▶ [What you have to do]: Please take the records that follow and repeat exactly the lines starting with the line with "(if x \<noteq>" and going on through the line with "datatype ptype = C | SC | SS".

##### Listed entries #####

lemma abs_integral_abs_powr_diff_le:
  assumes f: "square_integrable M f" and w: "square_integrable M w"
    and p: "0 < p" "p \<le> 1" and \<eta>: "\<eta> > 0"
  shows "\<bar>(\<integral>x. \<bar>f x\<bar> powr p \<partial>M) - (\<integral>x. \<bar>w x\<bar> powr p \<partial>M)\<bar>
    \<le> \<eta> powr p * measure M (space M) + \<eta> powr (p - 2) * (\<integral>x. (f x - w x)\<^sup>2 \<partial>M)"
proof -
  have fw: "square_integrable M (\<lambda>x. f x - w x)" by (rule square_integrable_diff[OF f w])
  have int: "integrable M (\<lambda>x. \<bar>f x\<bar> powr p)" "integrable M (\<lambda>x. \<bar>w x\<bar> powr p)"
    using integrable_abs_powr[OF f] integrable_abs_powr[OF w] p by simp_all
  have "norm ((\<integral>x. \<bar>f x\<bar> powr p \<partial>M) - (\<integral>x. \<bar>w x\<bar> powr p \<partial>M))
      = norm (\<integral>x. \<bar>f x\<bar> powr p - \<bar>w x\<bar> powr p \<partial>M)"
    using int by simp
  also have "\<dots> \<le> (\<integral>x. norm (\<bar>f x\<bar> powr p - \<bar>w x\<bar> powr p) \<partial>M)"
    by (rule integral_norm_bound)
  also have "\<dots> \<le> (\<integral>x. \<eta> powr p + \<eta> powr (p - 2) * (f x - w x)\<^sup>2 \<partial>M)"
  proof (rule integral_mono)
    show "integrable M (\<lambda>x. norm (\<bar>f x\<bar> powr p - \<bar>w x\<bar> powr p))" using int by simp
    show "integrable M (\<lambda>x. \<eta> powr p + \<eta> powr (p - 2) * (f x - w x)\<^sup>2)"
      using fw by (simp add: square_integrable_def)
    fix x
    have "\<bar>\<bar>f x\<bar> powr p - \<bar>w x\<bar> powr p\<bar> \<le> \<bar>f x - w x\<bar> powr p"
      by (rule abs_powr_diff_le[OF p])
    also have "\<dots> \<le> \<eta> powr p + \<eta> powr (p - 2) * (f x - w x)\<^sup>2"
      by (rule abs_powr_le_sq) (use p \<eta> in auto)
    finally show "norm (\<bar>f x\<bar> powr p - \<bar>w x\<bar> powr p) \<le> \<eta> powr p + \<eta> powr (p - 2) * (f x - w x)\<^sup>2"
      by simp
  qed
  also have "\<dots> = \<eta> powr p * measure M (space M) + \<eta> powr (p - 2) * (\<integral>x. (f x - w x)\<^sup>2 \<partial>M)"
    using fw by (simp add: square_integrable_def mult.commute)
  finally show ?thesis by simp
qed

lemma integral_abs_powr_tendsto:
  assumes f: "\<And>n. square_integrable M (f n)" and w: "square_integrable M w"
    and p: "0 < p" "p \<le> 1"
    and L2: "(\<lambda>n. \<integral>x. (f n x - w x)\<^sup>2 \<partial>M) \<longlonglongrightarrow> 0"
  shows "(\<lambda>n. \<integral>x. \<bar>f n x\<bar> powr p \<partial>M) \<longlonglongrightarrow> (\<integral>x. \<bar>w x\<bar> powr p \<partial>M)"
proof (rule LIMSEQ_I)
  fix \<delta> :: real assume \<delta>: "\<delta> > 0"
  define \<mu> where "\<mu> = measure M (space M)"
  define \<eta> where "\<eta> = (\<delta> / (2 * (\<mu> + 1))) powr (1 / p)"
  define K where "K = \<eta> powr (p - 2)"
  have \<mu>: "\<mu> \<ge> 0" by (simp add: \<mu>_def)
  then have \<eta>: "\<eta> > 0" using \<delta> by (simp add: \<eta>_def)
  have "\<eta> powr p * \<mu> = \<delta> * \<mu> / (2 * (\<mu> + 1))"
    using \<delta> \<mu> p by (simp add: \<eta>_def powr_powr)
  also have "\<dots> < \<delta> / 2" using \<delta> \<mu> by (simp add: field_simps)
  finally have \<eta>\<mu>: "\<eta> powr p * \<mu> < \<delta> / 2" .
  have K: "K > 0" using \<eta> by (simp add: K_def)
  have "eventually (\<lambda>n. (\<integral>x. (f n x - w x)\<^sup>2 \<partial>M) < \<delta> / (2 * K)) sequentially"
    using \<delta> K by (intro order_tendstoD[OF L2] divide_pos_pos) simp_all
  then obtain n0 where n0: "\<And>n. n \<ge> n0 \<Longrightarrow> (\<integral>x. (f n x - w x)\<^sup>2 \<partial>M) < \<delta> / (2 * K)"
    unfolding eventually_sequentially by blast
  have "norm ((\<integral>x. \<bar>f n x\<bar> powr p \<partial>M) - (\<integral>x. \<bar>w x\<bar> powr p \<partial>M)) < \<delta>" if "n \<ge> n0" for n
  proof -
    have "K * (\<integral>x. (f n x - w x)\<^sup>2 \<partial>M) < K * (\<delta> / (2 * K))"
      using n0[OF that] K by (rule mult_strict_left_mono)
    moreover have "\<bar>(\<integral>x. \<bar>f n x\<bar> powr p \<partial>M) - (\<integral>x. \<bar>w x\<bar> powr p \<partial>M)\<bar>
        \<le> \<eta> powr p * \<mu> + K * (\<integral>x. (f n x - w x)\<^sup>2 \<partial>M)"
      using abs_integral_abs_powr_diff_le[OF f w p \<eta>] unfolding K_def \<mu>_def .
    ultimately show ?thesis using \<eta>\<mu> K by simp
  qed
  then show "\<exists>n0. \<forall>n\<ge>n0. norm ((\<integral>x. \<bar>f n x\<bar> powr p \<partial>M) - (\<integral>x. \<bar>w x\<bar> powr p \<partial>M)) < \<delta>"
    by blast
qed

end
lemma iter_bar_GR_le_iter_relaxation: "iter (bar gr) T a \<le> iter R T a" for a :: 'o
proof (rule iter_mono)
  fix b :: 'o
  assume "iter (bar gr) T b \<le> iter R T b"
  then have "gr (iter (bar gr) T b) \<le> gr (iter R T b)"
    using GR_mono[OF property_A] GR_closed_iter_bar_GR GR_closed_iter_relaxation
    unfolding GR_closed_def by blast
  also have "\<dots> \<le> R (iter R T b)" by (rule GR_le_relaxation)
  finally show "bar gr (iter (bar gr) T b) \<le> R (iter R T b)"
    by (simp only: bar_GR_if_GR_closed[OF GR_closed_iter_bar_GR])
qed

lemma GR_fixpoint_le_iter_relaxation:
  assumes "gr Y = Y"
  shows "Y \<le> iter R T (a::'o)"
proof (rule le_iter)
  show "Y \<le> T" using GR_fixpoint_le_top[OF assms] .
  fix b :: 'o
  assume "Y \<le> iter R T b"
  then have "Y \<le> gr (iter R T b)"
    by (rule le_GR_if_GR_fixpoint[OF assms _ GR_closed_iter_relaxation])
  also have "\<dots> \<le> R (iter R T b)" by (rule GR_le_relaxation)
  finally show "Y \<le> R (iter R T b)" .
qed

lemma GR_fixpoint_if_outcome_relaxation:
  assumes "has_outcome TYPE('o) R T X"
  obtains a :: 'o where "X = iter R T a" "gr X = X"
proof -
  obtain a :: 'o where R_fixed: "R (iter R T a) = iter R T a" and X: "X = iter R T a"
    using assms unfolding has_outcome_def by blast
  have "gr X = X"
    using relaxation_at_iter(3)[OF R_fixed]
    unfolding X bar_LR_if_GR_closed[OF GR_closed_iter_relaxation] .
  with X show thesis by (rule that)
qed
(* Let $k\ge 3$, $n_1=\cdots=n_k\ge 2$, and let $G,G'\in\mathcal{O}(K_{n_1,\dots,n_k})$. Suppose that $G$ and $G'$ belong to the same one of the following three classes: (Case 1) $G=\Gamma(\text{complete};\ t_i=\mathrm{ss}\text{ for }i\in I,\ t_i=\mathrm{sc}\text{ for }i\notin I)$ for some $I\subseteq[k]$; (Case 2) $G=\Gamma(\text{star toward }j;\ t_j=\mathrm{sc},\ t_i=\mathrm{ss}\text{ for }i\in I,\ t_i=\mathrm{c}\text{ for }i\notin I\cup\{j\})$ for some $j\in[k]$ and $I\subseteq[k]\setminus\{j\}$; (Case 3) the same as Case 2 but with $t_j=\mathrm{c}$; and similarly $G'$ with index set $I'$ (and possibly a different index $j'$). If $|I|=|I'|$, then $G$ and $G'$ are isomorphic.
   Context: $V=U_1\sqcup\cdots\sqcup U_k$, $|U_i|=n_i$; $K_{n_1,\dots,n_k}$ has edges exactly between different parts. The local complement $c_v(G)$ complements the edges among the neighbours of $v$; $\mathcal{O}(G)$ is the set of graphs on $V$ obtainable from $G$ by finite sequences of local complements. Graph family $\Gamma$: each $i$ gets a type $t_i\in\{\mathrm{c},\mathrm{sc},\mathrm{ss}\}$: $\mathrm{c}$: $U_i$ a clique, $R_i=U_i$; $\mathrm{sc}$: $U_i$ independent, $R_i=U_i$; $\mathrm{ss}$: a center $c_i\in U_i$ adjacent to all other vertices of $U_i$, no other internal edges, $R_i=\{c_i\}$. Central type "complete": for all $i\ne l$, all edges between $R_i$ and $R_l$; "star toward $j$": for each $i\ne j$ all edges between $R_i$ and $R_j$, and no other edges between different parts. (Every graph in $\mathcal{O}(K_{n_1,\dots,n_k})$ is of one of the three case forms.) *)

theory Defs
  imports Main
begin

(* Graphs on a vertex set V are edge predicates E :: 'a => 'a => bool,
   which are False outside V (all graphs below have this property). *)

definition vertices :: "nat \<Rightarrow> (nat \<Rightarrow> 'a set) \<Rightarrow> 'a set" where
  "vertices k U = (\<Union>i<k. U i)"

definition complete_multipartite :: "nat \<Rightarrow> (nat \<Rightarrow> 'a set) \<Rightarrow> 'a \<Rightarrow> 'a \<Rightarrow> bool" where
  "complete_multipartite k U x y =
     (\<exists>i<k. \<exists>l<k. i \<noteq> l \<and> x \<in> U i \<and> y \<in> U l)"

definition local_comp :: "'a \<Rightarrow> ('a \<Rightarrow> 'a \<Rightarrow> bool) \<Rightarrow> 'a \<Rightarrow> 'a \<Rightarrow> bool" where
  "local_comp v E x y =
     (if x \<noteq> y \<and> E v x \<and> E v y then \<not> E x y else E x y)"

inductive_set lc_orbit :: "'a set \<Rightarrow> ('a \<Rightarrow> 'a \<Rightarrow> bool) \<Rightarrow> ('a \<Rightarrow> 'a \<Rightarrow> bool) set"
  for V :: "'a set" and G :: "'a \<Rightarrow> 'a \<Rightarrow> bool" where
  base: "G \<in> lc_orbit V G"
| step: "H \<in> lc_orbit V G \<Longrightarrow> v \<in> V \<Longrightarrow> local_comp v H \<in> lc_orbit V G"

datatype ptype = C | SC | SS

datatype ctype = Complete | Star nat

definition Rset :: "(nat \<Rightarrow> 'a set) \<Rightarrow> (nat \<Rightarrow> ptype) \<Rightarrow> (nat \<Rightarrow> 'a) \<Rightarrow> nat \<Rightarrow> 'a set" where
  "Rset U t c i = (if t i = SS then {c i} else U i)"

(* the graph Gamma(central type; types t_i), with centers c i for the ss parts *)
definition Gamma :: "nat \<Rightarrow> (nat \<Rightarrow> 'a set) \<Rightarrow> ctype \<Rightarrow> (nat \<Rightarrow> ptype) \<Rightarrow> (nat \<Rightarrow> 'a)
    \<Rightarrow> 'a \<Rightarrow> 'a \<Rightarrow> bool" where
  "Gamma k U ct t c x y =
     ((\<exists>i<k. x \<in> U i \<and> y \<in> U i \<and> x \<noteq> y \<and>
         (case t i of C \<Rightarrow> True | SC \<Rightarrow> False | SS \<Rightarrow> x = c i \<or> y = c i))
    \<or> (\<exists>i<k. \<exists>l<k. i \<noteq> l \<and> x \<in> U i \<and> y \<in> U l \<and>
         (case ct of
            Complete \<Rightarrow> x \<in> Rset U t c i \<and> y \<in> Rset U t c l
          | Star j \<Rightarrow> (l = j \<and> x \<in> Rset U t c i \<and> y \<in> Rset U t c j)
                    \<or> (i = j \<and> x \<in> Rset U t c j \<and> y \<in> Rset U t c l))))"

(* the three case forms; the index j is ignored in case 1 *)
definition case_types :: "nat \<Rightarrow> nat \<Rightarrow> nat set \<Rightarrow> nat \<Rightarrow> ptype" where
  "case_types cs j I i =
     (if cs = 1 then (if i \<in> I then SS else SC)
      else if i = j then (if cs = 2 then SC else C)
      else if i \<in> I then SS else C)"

#####

▶ [Output below]:
     (if x \<noteq> y \<and> E v x \<and> E v y then \<not> E x y else E x y)"

inductive_set lc_orbit :: "'a set \<Rightarrow> ('a \<Rightarrow> 'a \<Rightarrow> bool) \<Rightarrow> ('a \<Rightarrow> 'a \<Rightarrow> bool) set"
  for V :: "'a set" and G :: "'a \<Rightarrow> 'a \<Rightarrow> bool" where
  base: "G \<in> lc_orbit V G"
| step: "H \<in> lc_orbit V G \<Longrightarrow> v \<in> V \<Longrightarrow> local_comp v H \<in> lc_orbit V G"

datatype ptype = C | SC | SS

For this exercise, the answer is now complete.